During the pre-order traversal, each node can be processed independently as long as all nodes between it and the root have already been processed. After processing, each node needs to pass a tuple (specifically, two floats) to each of its children. On the post-order traversal, each node can be processed independently as long as all of it's subtrees (if any) have already been processed. After processing, each node needs to pass a single float to its parent.

The structure of the trees is static and unchanged during the algorithm. However, during the course of the downward traversal, if the two floats being passed both become zero, the entire subtree under this node does not need to be processed, and the upwards traversal for this node can begin. (The subtree must be preserved, because the passed floats on subsequent iterations may become non-zero at this node and traversals would resume).

The intensity of computation at each node is the same across the tree. The computation at each node is trivial: Just a few sums and multiply/divides on a list of numbers with length equal to the number of children at the node.

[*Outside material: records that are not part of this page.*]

(* Let $W_{-1}$ be the $2\pi$-periodic function given on $[-\pi,\pi]$ by $W_{-1}(x)=|\sin x|\sin^2(x/2)$ for $|x|\le\frac{2\pi}{3}$ and $W_{-1}(x)=\frac{3\sqrt3}{8}$ for $\frac{2\pi}3\le|x|\le\pi$. For $\theta\in(0,1)$ let $W_\theta=W_{-1}\widetilde W_\theta$, where $\widetilde W_\theta$ is the $2\pi$-periodic function equal to $\exp(C|x|/\theta)$ on $[-\pi,\pi]$ for a suitable large constant $C>0$. Then for any $0<\theta<\theta'<1$, if $\delta^*>0$ is small enough, the following holds. Let $0\le s_0\le s_1$, let $\eta$ be a given continuous function on $[s_0,s_1]\times\mathbb R$, let $x^*$ solve $$\frac{dx^*}{ds}=-\sin(x^*(s))+\int_{-\pi-x^*(s)}^0\eta(s,\bar y)\,d\bar y,\qquad x^*(s_0)=x^*_{s_0},$$ set $\Omega^*(s)=[-\pi-x^*(s),\pi-x^*(s)]$, $\Omega^*_{s_0}=\Omega^*(s_0)$, and assume $|x^*(s)|\le\delta^*$ and $\|\eta(s,\cdot)\|_{L^\infty(\Omega^*(s))}\le\delta^*$ for $s\in[s_0,s_1]$. Denote by $\bar S(s,s_0)u_0$ the solution of $$\partial_su-2\cos(y)u+\sin(y)\partial_yu+\Big(\int_0^y\eta(s,\bar y)\,d\bar y\Big)\partial_yu=0\ \text{ on }\Omega^*(s),\ s\in[s_0,s_1],\qquad u(s_0)=u_0\ \text{on }\Omega^*_{s_0}.$$ Then for all $s\in[s_0,s_1]$, $$\Big\|\frac{\bar S(s,s_0)u_0}{W_\theta}\Big\|_{L^\infty(\Omega^*(s))}\le e^{-(1-\theta')(s-s_0)}\Big\|\frac{u_0}{W_\theta}\Big\|_{L^\infty(\Omega^*_{s_0})}.$$
   Context: $\Omega^*(s)$ is the image of $\Omega^*_{s_0}$ under the characteristic flow $\frac{dY}{ds}=\sin Y+\int_0^Y\eta(s,\bar y)d\bar y$. The constant $C$ in the weight is chosen large enough, independently of $\theta,\theta'$. *)

theory Defs
  imports "HOL-Analysis.Analysis"
begin

definition red2pi :: "real \<Rightarrow> real" where
  "red2pi x = x - 2 * pi * of_int \<lfloor>(x + pi) / (2 * pi)\<rfloor>"

definition Wm1 :: "real \<Rightarrow> real" where
  "Wm1 x = (let z = red2pi x in
     if \<bar>z\<bar> \<le> 2 * pi / 3 then \<bar>sin z\<bar> * (sin (z / 2))^2 else 3 * sqrt 3 / 8)"

definition Wtilde :: "real \<Rightarrow> real \<Rightarrow> real \<Rightarrow> real" where
  "Wtilde C \<theta> x = exp (C * \<bar>red2pi x\<bar> / \<theta>)"

definition Wt :: "real \<Rightarrow> real \<Rightarrow> real \<Rightarrow> real" where
  "Wt C \<theta> x = Wm1 x * Wtilde C \<theta> x"

definition oint :: "real \<Rightarrow> real \<Rightarrow> (real \<Rightarrow> real) \<Rightarrow> real" where
  "oint a b f = (if a \<le> b then integral {a..b} f else - integral {b..a} f)"

definition charac :: "(real \<Rightarrow> real \<Rightarrow> real) \<Rightarrow> real \<Rightarrow> real \<Rightarrow> (real \<Rightarrow> real) \<Rightarrow> bool" where
  "charac \<eta> s0 s1 Y \<longleftrightarrow>
     (\<forall>s\<in>{s0..s1}. (Y has_real_derivative (sin (Y s) + oint 0 (Y s) (\<eta> s))) (at s within {s0..s1}))"

text \<open>Omega*(s): image of Omega*_{s0} under the characteristic flow.\<close>
definition Omega_star :: "(real \<Rightarrow> real \<Rightarrow> real) \<Rightarrow> real \<Rightarrow> real \<Rightarrow> real set \<Rightarrow> real \<Rightarrow> real set" where
  "Omega_star \<eta> s0 s1 \<Omega>0 s = {Y s | Y. charac \<eta> s0 s1 Y \<and> Y s0 \<in> \<Omega>0}"

text \<open>u is the solution Sbar(s,s0)u0 of the transport equation on the flowed domain, expressed along
  characteristics: d/ds u(s,Y(s)) = 2 cos(Y(s)) u(s,Y(s)), u(s0,.) = u0.\<close>
definition is_Sbar_solution ::
  "(real \<Rightarrow> real \<Rightarrow> real) \<Rightarrow> real \<Rightarrow> real \<Rightarrow> real set \<Rightarrow> (real \<Rightarrow> real) \<Rightarrow> (real \<Rightarrow> real \<Rightarrow> real) \<Rightarrow> bool" where
  "is_Sbar_solution \<eta> s0 s1 \<Omega>0 u0 u \<longleftrightarrow>
     (\<forall>Y. charac \<eta> s0 s1 Y \<and> Y s0 \<in> \<Omega>0 \<longrightarrow>
        u s0 (Y s0) = u0 (Y s0) \<and>
        (\<forall>s\<in>{s0..s1}. ((\<lambda>\<tau>. u \<tau> (Y \<tau>)) has_real_derivative (2 * cos (Y s) * u s (Y s)))
                          (at s within {s0..s1})))"

end

theory Submission
  imports Defs
begin

text \<open>Along a characteristic \<open>Y\<close> issuing from \<open>\<Omega>*_{s0}\<close> the solution is
  \<open>u(s, Y s) = u0(Y s0) exp (\<integral>_{s0}^s 2 cos Y)\<close>, so the estimate reduces to the monotonicity of
  \<open>W_\<theta>(Y s) exp (-(1 - \<theta>') (s - s0) - \<integral>_{s0}^s 2 cos Y)\<close>. On each of the pieces
  \<open>\<bar>Y\<bar> \<le> 2pi/3\<close>, \<open>2pi/3 \<le> \<bar>Y\<bar> \<le> pi\<close> and \<open>pi \<le> \<bar>Y\<bar> \<le> pi + 1/2\<close> of the weight this is a
  differential inequality, which holds once the perturbation \<open>\<integral>_0^Y \<eta>\<close> of the drift \<open>sin Y\<close> is
  at most \<open>\<delta> \<bar>Y\<bar>\<close> with \<open>\<delta> \<le> \<theta> \<theta>' / (100 C)\<close>. Characteristics cannot leave
  \<open>\<bar>Y\<bar> \<le> pi + 1/2\<close>, where \<open>sin Y\<close> points inwards.

  The hypothesis on \<open>\<eta>\<close> is only an almost-everywhere bound on \<open>\<Omega>*(s)\<close>. By continuity it becomes
  a pointwise bound on the segment between 0 and \<open>Y s\<close>, because that segment lies in \<open>\<Omega>*(s)\<close>:
  the characteristic through any of its points stays, by uniqueness, between \<open>Y\<close> and the
  stationary characteristic 0. Finally, the exceptional set of the conclusion is the image under
  the time-\<open>s\<close> flow of the null set where the initial bound fails; the flow is Lipschitz by
  Gronwall's inequality, so this image is null as well.\<close>

section \<open>Real functions of one variable\<close>

lemma deriv_nonneg_imp_mono_within:
  fixes f f' :: "real \<Rightarrow> real"
  assumes der: "\<And>t. t \<in> {a..b} \<Longrightarrow> (f has_real_derivative f' t) (at t within {a..b})"
    and nonneg: "\<And>t. t \<in> {a..b} \<Longrightarrow> 0 \<le> f' t"
    and xy: "a \<le> x" "x \<le> y" "y \<le> b"
  shows "f x \<le> f y"
proof -
  have "\<exists>z\<in>{x..y}. f y - f x = (\<lambda>h. h * f' z) (y - x)"
  proof (rule mvt_very_simple)
    fix t assume "x \<le> t" "t \<le> y"
    then have "(f has_real_derivative f' t) (at t within {x..y})"
      using der[of t] xy by (auto intro: has_field_derivative_subset)
    then show "(f has_derivative (\<lambda>h. h * f' t)) (at t within {x..y})"
      by (simp add: has_field_derivative_def mult_commute_abs)
  qed (use xy in simp)
  then obtain z where "z \<in> {x..y}" "f y - f x = (y - x) * f' z" by auto
  with nonneg[of z] xy show ?thesis by (smt (verit) atLeastAtMost_iff mult_nonneg_nonneg)
qed

lemma le_on_interval_if_no_upcrossing:
  fixes f :: "real \<Rightarrow> real"
  assumes cont: "continuous_on {a..b} f" and "f a \<le> c"
    and no_up: "\<And>t. t \<in> {a..<b} \<Longrightarrow> f t = c \<Longrightarrow> eventually (\<lambda>\<tau>. f \<tau> \<le> c) (at t within {t<..b})"
    and y: "y \<in> {a..b}"
  shows "f y \<le> c"
proof (rule ccontr)
  assume "\<not> f y \<le> c"
  define S where "S = {\<tau>\<in>{a..y}. f \<tau> \<le> c}"
  define t1 where "t1 = Sup S"
  have "a \<in> S" "bdd_above S" using assms by (auto simp: S_def bdd_above_def)
  have cont_y: "continuous_on {a..y} f" using cont y by (auto intro: continuous_on_subset)
  have "closed S"
    using continuous_closed_preimage[OF cont_y, of "{..c}"] by (simp add: S_def vimage_def Int_def)
  then have "t1 \<in> S" unfolding t1_def using \<open>a \<in> S\<close> \<open>bdd_above S\<close> by (intro closed_contains_Sup) auto
  then have t1: "a \<le> t1" "t1 < y" "f t1 \<le> c" using \<open>\<not> f y \<le> c\<close> by (auto simp: S_def less_le)
  have above: "c < f \<tau>" if "\<tau> \<in> {t1<..y}" for \<tau>
    using that cSup_upper[OF _ \<open>bdd_above S\<close>, of \<tau>] t1 by (force simp: S_def t1_def)
  obtain x where x: "t1 \<le> x" "x \<le> y" "f x = c"
    using IVT'[of f t1 c y] t1 \<open>\<not> f y \<le> c\<close> continuous_on_subset[OF cont_y, of "{t1..y}"] by auto
  then have "f t1 = c" using above[of x] by (cases "x = t1") auto
  then have "eventually (\<lambda>\<tau>. f \<tau> \<le> c) (at t1 within {t1<..b})"
    using no_up[of t1] t1 y by auto
  then obtain d where d: "d > 0" "\<And>\<tau>. \<tau> \<in> {t1<..b} \<Longrightarrow> \<tau> \<noteq> t1 \<Longrightarrow> dist \<tau> t1 < d \<Longrightarrow> f \<tau> \<le> c"
    by (auto simp: eventually_at)
  define \<tau> where "\<tau> = min y (t1 + d/2)"
  have "\<tau> \<in> {t1<..y}" "f \<tau> \<le> c" using d t1 y by (auto simp: \<tau>_def dist_real_def)
  then show False using above by force
qed

lemma locally_right_nondecreasing_imp_mono:
  fixes g :: "real \<Rightarrow> real"
  assumes "continuous_on {a..b} g"
    and loc: "\<And>t. t \<in> {a..<b} \<Longrightarrow> eventually (\<lambda>\<tau>. g t \<le> g \<tau>) (at t within {t<..b})"
    and "a \<le> x" "x \<le> y" "y \<le> b"
  shows "g x \<le> g y"
proof -
  have "- g y \<le> - g x"
  proof (rule le_on_interval_if_no_upcrossing[where f = "\<lambda>t. - g t" and a = x and b = b])
    show "continuous_on {x..b} (\<lambda>t. - g t)"
      by (intro continuous_intros continuous_on_subset[OF assms(1)]) (use assms in auto)
    fix t assume "t \<in> {x..<b}" "- g t = - g x"
    then show "eventually (\<lambda>\<tau>. - g \<tau> \<le> - g x) (at t within {t<..b})"
      using loc[of t] assms by (auto elim: eventually_mono)
  qed (use assms in auto)
  then show ?thesis by simp
qed

lemma has_real_derivative_pos_eventually_right:
  fixes f :: "real \<Rightarrow> real"
  assumes "(f has_real_derivative l) (at t within {a..b})" "0 < l" "t \<in> {a..b}"
  shows "eventually (\<lambda>\<tau>. f t < f \<tau>) (at t within {t<..b})"
proof -
  obtain d where d: "d > 0" "\<And>h. h > 0 \<Longrightarrow> t + h \<in> {a..b} \<Longrightarrow> h < d \<Longrightarrow> f t < f (t + h)"
    using has_real_derivative_pos_inc_right[OF assms(1,2)] by blast
  show ?thesis unfolding eventually_at
  proof (intro exI[of _ d] conjI ballI impI)
    fix x assume "x \<in> {t<..b}" "x \<noteq> t \<and> dist x t < d"
    then show "f t < f x" using d(2)[of "x - t"] assms(3) by (auto simp: dist_real_def)
  qed (use d in auto)
qed

lemma has_real_derivative_neg_eventually_right:
  fixes f :: "real \<Rightarrow> real"
  assumes "(f has_real_derivative l) (at t within {a..b})" "l < 0" "t \<in> {a..b}"
  shows "eventually (\<lambda>\<tau>. f \<tau> < f t) (at t within {t<..b})"
  using has_real_derivative_pos_eventually_right[OF DERIV_minus[OF assms(1)]] assms(2,3) by simp

lemma AE_not_in_Icc_imp_le:
  fixes c d :: real
  assumes "AE x in lborel. x \<notin> {c..d}"
  shows "d \<le> c"
proof -
  have "emeasure lborel {c..d} = 0" using assms by (subst (asm) AE_iff_measurable) auto
  then show ?thesis by (simp add: emeasure_lborel_Icc_eq split: if_splits)
qed

lemma AE_lborel_iff_negligible: "(AE x in lborel. P x) \<longleftrightarrow> negligible {x. \<not> P x}"
proof
  assume "AE x in lborel. P x"
  then obtain N where N: "{x. \<not> P x} \<subseteq> N" "N \<in> null_sets lborel"
    by (auto elim!: AE_E simp: null_sets_def)
  then have "negligible N" by (simp add: negligible_iff_null_sets null_sets_completionI)
  then show "negligible {x. \<not> P x}" using N(1) by (rule negligible_subset)
next
  assume "negligible {x. \<not> P x}"
  then have "AE x in lebesgue. x \<notin> {x. \<not> P x}" by (intro AE_not_in) (simp add: negligible_iff_null_sets)
  then show "AE x in lborel. P x" by (simp add: AE_completion_iff)
qed

lemma AE_abs_le_imp_abs_le_continuous_on:
  fixes f :: "real \<Rightarrow> real"
  assumes "a < b" and cont: "continuous_on {a..b} f"
    and ae: "AE y in lborel. y \<in> {a..b} \<longrightarrow> \<bar>f y\<bar> \<le> B"
    and y: "y \<in> {a..b}"
  shows "\<bar>f y\<bar> \<le> B"
proof (rule ccontr)
  assume "\<not> \<bar>f y\<bar> \<le> B"
  have "continuous (at y within {a..b}) (\<lambda>x. \<bar>f x\<bar>)"
    using cont y by (intro continuous_intros) (simp add: continuous_on_eq_continuous_within)
  then have "eventually (\<lambda>x. B < \<bar>f x\<bar>) (at y within {a..b})"
    using \<open>\<not> \<bar>f y\<bar> \<le> B\<close> by (auto simp: continuous_within not_le dest: order_tendstoD)
  then obtain e where "e > 0" "\<And>x. x \<in> {a..b} \<Longrightarrow> x \<noteq> y \<Longrightarrow> dist x y < e \<Longrightarrow> B < \<bar>f x\<bar>"
    by (auto simp: eventually_at)
  then have e: "B < \<bar>f x\<bar>" if "x \<in> {a..b}" "dist x y < e" for x
    using that \<open>\<not> \<bar>f y\<bar> \<le> B\<close> by (cases "x = y") auto
  define c where "c = max a (y - e/2)"
  define d where "d = min b (y + e/2)"
  have "AE x in lborel. x \<notin> {c..d}"
    using ae by eventually_elim (use e \<open>e > 0\<close> in \<open>force simp: c_def d_def dist_real_def\<close>)
  then have "d \<le> c" by (rule AE_not_in_Icc_imp_le)
  moreover have "c < d" using \<open>a < b\<close> \<open>e > 0\<close> y by (auto simp: c_def d_def)
  ultimately show False by simp
qed
lemma continuous_map_from_quotient_topology:
  assumes "continuous_map X Y (\<lambda>x. f (q x))"
  shows "continuous_map (quotient_topology X q) Y f"
  unfolding continuous_map_def
proof (intro conjI allI impI)
  show "f \<in> topspace (quotient_topology X q) \<rightarrow> topspace Y"
    using assms by (auto simp: topspace_quotient_topology continuous_map_def)
  fix V assume "openin Y V"
  moreover have "{x \<in> topspace X. q x \<in> {y \<in> q ` topspace X. f y \<in> V}} = {x \<in> topspace X. f (q x) \<in> V}"
    by auto
  ultimately show "openin (quotient_topology X q) {y \<in> topspace (quotient_topology X q). f y \<in> V}"
    using assms by (auto simp: openin_quotient_topology topspace_quotient_topology continuous_map_def)
qed

section \<open>SU(2) as the unit quaternions\<close>

lemma matrix_mul_uminus_left: "(- A) ** (B :: 'a::ring_1^'p^'n) = - (A ** B)"
  by (simp add: matrix_matrix_mult_def vec_eq_iff sum_negf)

lemma matrix_mul_uminus_right: "A ** (- B :: 'a::ring_1^'p^'n) = - (A ** B)"
  by (simp add: matrix_matrix_mult_def vec_eq_iff sum_negf)

lemma matrix_mul_diff_left: "(A - B) ** (C :: 'a::ring_1^'p^'n) = A ** C - B ** C"
  by (simp add: matrix_matrix_mult_def vec_eq_iff sum_subtractf algebra_simps)

lemma matrix_mul_diff_right: "A ** (B - C :: 'a::ring_1^'p^'n) = A ** B - A ** C"
  by (simp add: matrix_matrix_mult_def vec_eq_iff sum_subtractf algebra_simps)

The trees being processed are unbalanced: a typical node would have 2 leaves plus 0-6 additional child nodes. So, simply partitioning the tree into a set of relatively balanced subtrees is non-obvious (to me). Further, the trees are designed to consume all available RAM: the bigger tree that I can process, the better.

My serial implementation attains on the order of 1000 iterations per second on just my little test trees; with the "real" trees, I expect it might slow by an order of magnitude (or more?). Given that the algorithm requires at least 100 million iterations (possibly up to a billion) to reach an acceptable result, I'd like to parallelize the algorithm to take advantage of multiple cores. I have zero experience with parallel programming.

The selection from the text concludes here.